▶ _What is required_:
Scan the data below and pick out the lines containing the word "moreover".

▶ _Records to use_:
lemma method_error_ge:
  fixes lam :: "nat \<Rightarrow> real" and L :: "nat \<Rightarrow> (real^'d::finite \<Rightarrow> real) \<Rightarrow> real"
  assumes sum1: "(\<lambda>k. (lam k)\<^sup>2) sums 1"
    and msq: "\<And>k::int^'d. psi_msq lam k \<le> b ^ CARD('d)" and b: "b \<ge> 0"
    and adm: "admissible lam n L phi"
  shows "ereal (sqrt (max 0 (1 - real n * b ^ CARD('d)))) \<le> method_error lam n L phi"
proof (rule dense_le)
  fix y assume y: "y < ereal (sqrt (max 0 (1 - real n * b ^ CARD('d))))"
  have err: "Linf_norm (\<lambda>x. f x - phi (map (\<lambda>i. L i f) [0..<n]) x) \<le> method_error lam n L phi"
    if "f \<in> Hball lam" for f unfolding method_error_def using that by (rule SUP_upper)
  show "y \<le> method_error lam n L phi"
  proof (cases "y \<le> 0")
    case True
    have "(\<lambda>x. 0) \<in> Hball lam" using psi_sum_in_Hball[of "{}" "\<lambda>_. 0" lam] by (simp add: psi_sum_def)
    from order_trans[OF Linf_norm_nonneg err[OF this]] show ?thesis using True by simp
  next
    case False
    then obtain t where yt: "y = ereal t" "0 < t" "t < sqrt (max 0 (1 - real n * b ^ CARD('d)))"
      using y by (cases y) auto
    then have "t\<^sup>2 < (sqrt (max 0 (1 - real n * b ^ CARD('d))))\<^sup>2"
      by (intro power_strict_mono) auto
    then have t: "t\<^sup>2 < 1 - real n * b ^ CARD('d)"
      using yt(2) by (simp add: max_def split: if_splits)
    define \<phi> where "\<phi> = phi (replicate n 0)"
    have "\<phi> \<in> borel_measurable Tmeas" and L: "\<forall>i<n. clf lam (L i)"
      using adm unfolding admissible_def \<phi>_def by simp_all
    then obtain f where f: "f \<in> Hball lam" and Lf: "\<forall>i<n. L i f = 0"
      and ft: "ereal t \<le> Linf_norm (\<lambda>x. f x - \<phi> x)"
      using exists_fooling_function[OF sum1 msq b L _ less_imp_le[OF yt(2)] t] by blast
    have "map (\<lambda>i. L i f) [0..<n] = replicate n 0" using Lf by (intro nth_equalityI) auto
    then have "Linf_norm (\<lambda>x. f x - \<phi> x) \<le> method_error lam n L phi"
      using err[OF f] unfolding \<phi>_def by simp
    then show ?thesis using ft yt(1) by simp
  qed
qed

lemma initial_error_le_1:
  assumes sum1: "(\<lambda>k. (lam k)\<^sup>2) sums 1"
  shows "initial_error TYPE('d::finite) lam \<le> 1"
  unfolding initial_error_def
proof (rule SUP_least)
  fix f :: "real^'d \<Rightarrow> real" assume f: "f \<in> Hball lam"
  note [measurable] = Hball_measurable[OF sum1 f]
  show "Linf_norm f \<le> 1" unfolding Linf_norm_def
    by (rule esssup_I) (auto simp: Hball_abs_le_1[OF sum1 f])
qed

lemma initial_error_ge_1:
  assumes sum1: "(\<lambda>k. (lam k)\<^sup>2) sums 1"
    and msq: "\<And>k::int^'d::finite. psi_msq lam k \<le> b ^ CARD('d)" and b: "b \<ge> 0"
  shows "1 \<le> initial_error TYPE('d) lam"
proof -
  let ?L = "\<lambda>_ _. 0 :: real" and ?phi = "\<lambda>_ (_::real^'d). 0 :: real"
  have "Linf_norm (\<lambda>_::real^'d. 0 :: real) \<le> 0"
    unfolding Linf_norm_def by (rule esssup_I) auto
  also have "(0 :: ereal) < \<infinity>" by simp
  finally have "Linf_norm (\<lambda>_::real^'d. 0 :: real) < \<infinity>" .
  then have "admissible lam 0 ?L ?phi" by (simp add: admissible_def)
  \<comment> \<open>the zero algorithm without information has the initial error as its error\<close>
  from method_error_ge[OF sum1 msq b this]
  show ?thesis by (simp add: method_error_def initial_error_def one_ereal_def)
qed

lemma ereal_le_INF_enat:
  assumes "\<And>n. n \<in> S \<Longrightarrow> a \<le> real n"
  shows "ereal a \<le> ereal_of_enat (INF n\<in>S. enat n)"
proof (cases "S = {}")
  case False
  then have n0: "Inf S \<in> S" by (rule Inf_nat_def1)
  have "(INF n\<in>S. enat n) = enat (Inf S)"
  proof (rule antisym)
    show "(INF n\<in>S. enat n) \<le> enat (Inf S)" using n0 by (rule INF_lower)
    show "enat (Inf S) \<le> (INF n\<in>S. enat n)" by (rule INF_greatest) (simp add: cInf_lower)
  qed
  then show ?thesis using assms[OF n0] by simp
qed (simp add: top_enat_def)

lemma n_det_ge:
  fixes lam :: "nat \<Rightarrow> real"
  assumes sum1: "(\<lambda>k. (lam k)\<^sup>2) sums 1"
    and msq: "\<And>k::int^'d::finite. psi_msq lam k \<le> b ^ CARD('d)" and b: "b > 0"
    and eps: "0 < eps" "eps < 1"
  shows "ereal (inverse (b ^ CARD('d)) * (1 - eps)\<^sup>2) \<le> ereal_of_enat (n_det TYPE('d) lam eps)"
proof -
  define S where "S = {n. \<exists>(L :: nat \<Rightarrow> (real^'d \<Rightarrow> real) \<Rightarrow> real) phi.
    admissible lam n L phi \<and> method_error lam n L phi \<le> ereal eps}"
  have "inverse (b ^ CARD('d)) * (1 - eps)\<^sup>2 \<le> real n" if n: "n \<in> S" for n
  proof -
    obtain L :: "nat \<Rightarrow> (real^'d \<Rightarrow> real) \<Rightarrow> real" and phi
      where "admissible lam n L phi" "method_error lam n L phi \<le> ereal eps"
      using n unfolding S_def by blast
    then have "ereal (sqrt (max 0 (1 - real n * b ^ CARD('d)))) \<le> ereal eps"
      using method_error_ge[OF sum1 msq less_imp_le[OF b]] by (blast intro: order_trans)
    then have "sqrt (max 0 (1 - real n * b ^ CARD('d))) \<le> eps" by simp
    then have "(sqrt (max 0 (1 - real n * b ^ CARD('d))))\<^sup>2 \<le> eps\<^sup>2"
      by (intro power_mono) simp_all
    then have "max 0 (1 - real n * b ^ CARD('d)) \<le> eps\<^sup>2" by simp
    moreover have "(1 - eps)\<^sup>2 \<le> 1 - eps\<^sup>2" using eps by (simp add: power2_eq_square algebra_simps)
    ultimately have "(1 - eps)\<^sup>2 \<le> real n * b ^ CARD('d)" by simp
    then show ?thesis using b by (simp add: field_simps)
  qed
  then show ?thesis unfolding n_det_def S_def[symmetric] by (rule ereal_le_INF_enat)
qed

lemma det_lower_bounds_if_psi_msq_le:
  fixes lam :: "nat \<Rightarrow> real"
  assumes sum1: "(\<lambda>k. (lam k)\<^sup>2) sums 1"
    and msq: "\<And>k::int^'d::finite. psi_msq lam k \<le> b ^ CARD('d)" and b: "b > 0"
  shows "det_lower_bounds TYPE('d) lam b"
  unfolding det_lower_bounds_def
proof (intro conjI allI impI)
  show "initial_error TYPE('d) lam = 1"
    using initial_error_le_1[OF sum1, where 'd = 'd] initial_error_ge_1[OF sum1 msq] b
    by (simp add: antisym)
  show "ereal (sqrt (max 0 (1 - real n * b ^ CARD('d)))) \<le> e_det TYPE('d) lam n" for n
    unfolding e_det_def using method_error_ge[OF sum1 msq] b by (auto intro!: INF_greatest)
qed (use n_det_ge[OF sum1 msq b] in auto)

section \<open>The constant beta and Korobov weights\<close>

lemma bdd_above_beta_set:
  fixes lam :: "nat \<Rightarrow> real"
  assumes "\<And>k. (lam k)\<^sup>2 \<le> C"
  shows "bdd_above (insert ((lam 0)\<^sup>2) {(lam k)\<^sup>2 / 2 | k. k \<ge> 1})"
proof (rule bdd_aboveI)
  fix y assume "y \<in> insert ((lam 0)\<^sup>2) {(lam k)\<^sup>2 / 2 | k. k \<ge> 1}"
  then obtain k where "y = (lam k)\<^sup>2 \<or> y = (lam k)\<^sup>2 / 2" by blast
  then show "y \<le> C" using assms[of k] zero_le_power2[of "lam k"] by linarith
qed

lemma lam0_sq_le_beta:
  fixes lam :: "nat \<Rightarrow> real"
  shows "(\<And>k. (lam k)\<^sup>2 \<le> C) \<Longrightarrow> (lam 0)\<^sup>2 \<le> beta lam"
  unfolding beta_def by (rule cSup_upper[OF _ bdd_above_beta_set]) auto

lemma lam_sq_half_le_beta:
  fixes lam :: "nat \<Rightarrow> real"
  shows "(\<And>k. (lam k)\<^sup>2 \<le> C) \<Longrightarrow> k \<ge> 1 \<Longrightarrow> (lam k)\<^sup>2 / 2 \<le> beta lam"
  unfolding beta_def by (rule cSup_upper[OF _ bdd_above_beta_set]) auto

lemma beta_le:
  fixes lam :: "nat \<Rightarrow> real"
  shows "(lam 0)\<^sup>2 \<le> c \<Longrightarrow> (\<And>k. k \<ge> 1 \<Longrightarrow> (lam k)\<^sup>2 / 2 \<le> c) \<Longrightarrow> beta lam \<le> c"
  unfolding beta_def by (rule cSup_least) blast+

lemma beta_eq_max:
  fixes lam :: "nat \<Rightarrow> real"
  assumes "\<And>k. k \<ge> 1 \<Longrightarrow> (lam k)\<^sup>2 \<le> (lam 1)\<^sup>2"
  shows "beta lam = max ((lam 0)\<^sup>2) ((lam 1)\<^sup>2 / 2)"
proof (rule antisym)
  have bound: "(lam k)\<^sup>2 \<le> max ((lam 0)\<^sup>2) ((lam 1)\<^sup>2)" for k
    using assms[of k] by (cases "k = 0") auto
  show "beta lam \<le> max ((lam 0)\<^sup>2) ((lam 1)\<^sup>2 / 2)"
    using assms by (intro beta_le) (auto simp: le_max_iff_disj)
  show "max ((lam 0)\<^sup>2) ((lam 1)\<^sup>2 / 2) \<le> beta lam"
    using lam0_sq_le_beta[of lam, OF bound] lam_sq_half_le_beta[of lam, OF bound, of 1] by simp
qed

lemma psi_msq_le_beta_power:
  fixes lam :: "nat \<Rightarrow> real"
  assumes "\<And>k. (lam k)\<^sup>2 \<le> C"
  shows "psi_msq lam (k :: int^'d::finite) \<le> beta lam ^ CARD('d)"
proof -
  have "0 \<le> psi1_msq lam p \<and> psi1_msq lam p \<le> beta lam" for p
    using lam0_sq_le_beta[of lam, OF assms] lam_sq_half_le_beta[of lam, OF assms, of "nat \<bar>p\<bar>"]
    by (cases "p = 0") (auto simp: psi1_msq_def)
  then have "psi_msq lam k \<le> (\<Prod>j\<in>(UNIV::'d set). beta lam)"
    unfolding psi_msq_def by (intro prod_mono) auto
  then show ?thesis by simp
qed

theorem det_lower_bounds_beta:
  fixes lam :: "nat \<Rightarrow> real"
  assumes pos: "\<And>k. lam k > 0" and lam0: "lam 0 < 1" and sum1: "(\<lambda>k. (lam k)\<^sup>2) sums 1"
  shows "0 < beta lam \<and> beta lam < 1 \<and> det_lower_bounds TYPE('d::finite) lam (beta lam)"
proof -
  have le1: "(lam k)\<^sup>2 \<le> 1" for k using sum_lam_sq_le_1[OF sum1, of "{k}"] by simp
  have "0 < (lam 0)\<^sup>2" using pos[of 0] by simp
  then have beta_pos: "0 < beta lam" using lam0_sq_le_beta[of lam, OF le1] by linarith
  have "(lam 0)\<^sup>2 < 1" using pos[of 0] lam0 by (simp add: power_less_one_iff)
  moreover have "beta lam \<le> max ((lam 0)\<^sup>2) (1 / 2)"
    using le1 by (intro beta_le) (auto simp: le_max_iff_disj)
  ultimately have "beta lam < 1" by simp
  then show ?thesis
    using beta_pos det_lower_bounds_if_psi_msq_le[OF sum1 psi_msq_le_beta_power[OF le1]] by blast
qed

▶ _Response_:
    moreover have "(1 - eps)\<^sup>2 \<le> 1 - eps\<^sup>2" using eps by (simp add: power2_eq_square algebra_simps)
  moreover have "beta lam \<le> max ((lam 0)\<^sup>2) (1 / 2)"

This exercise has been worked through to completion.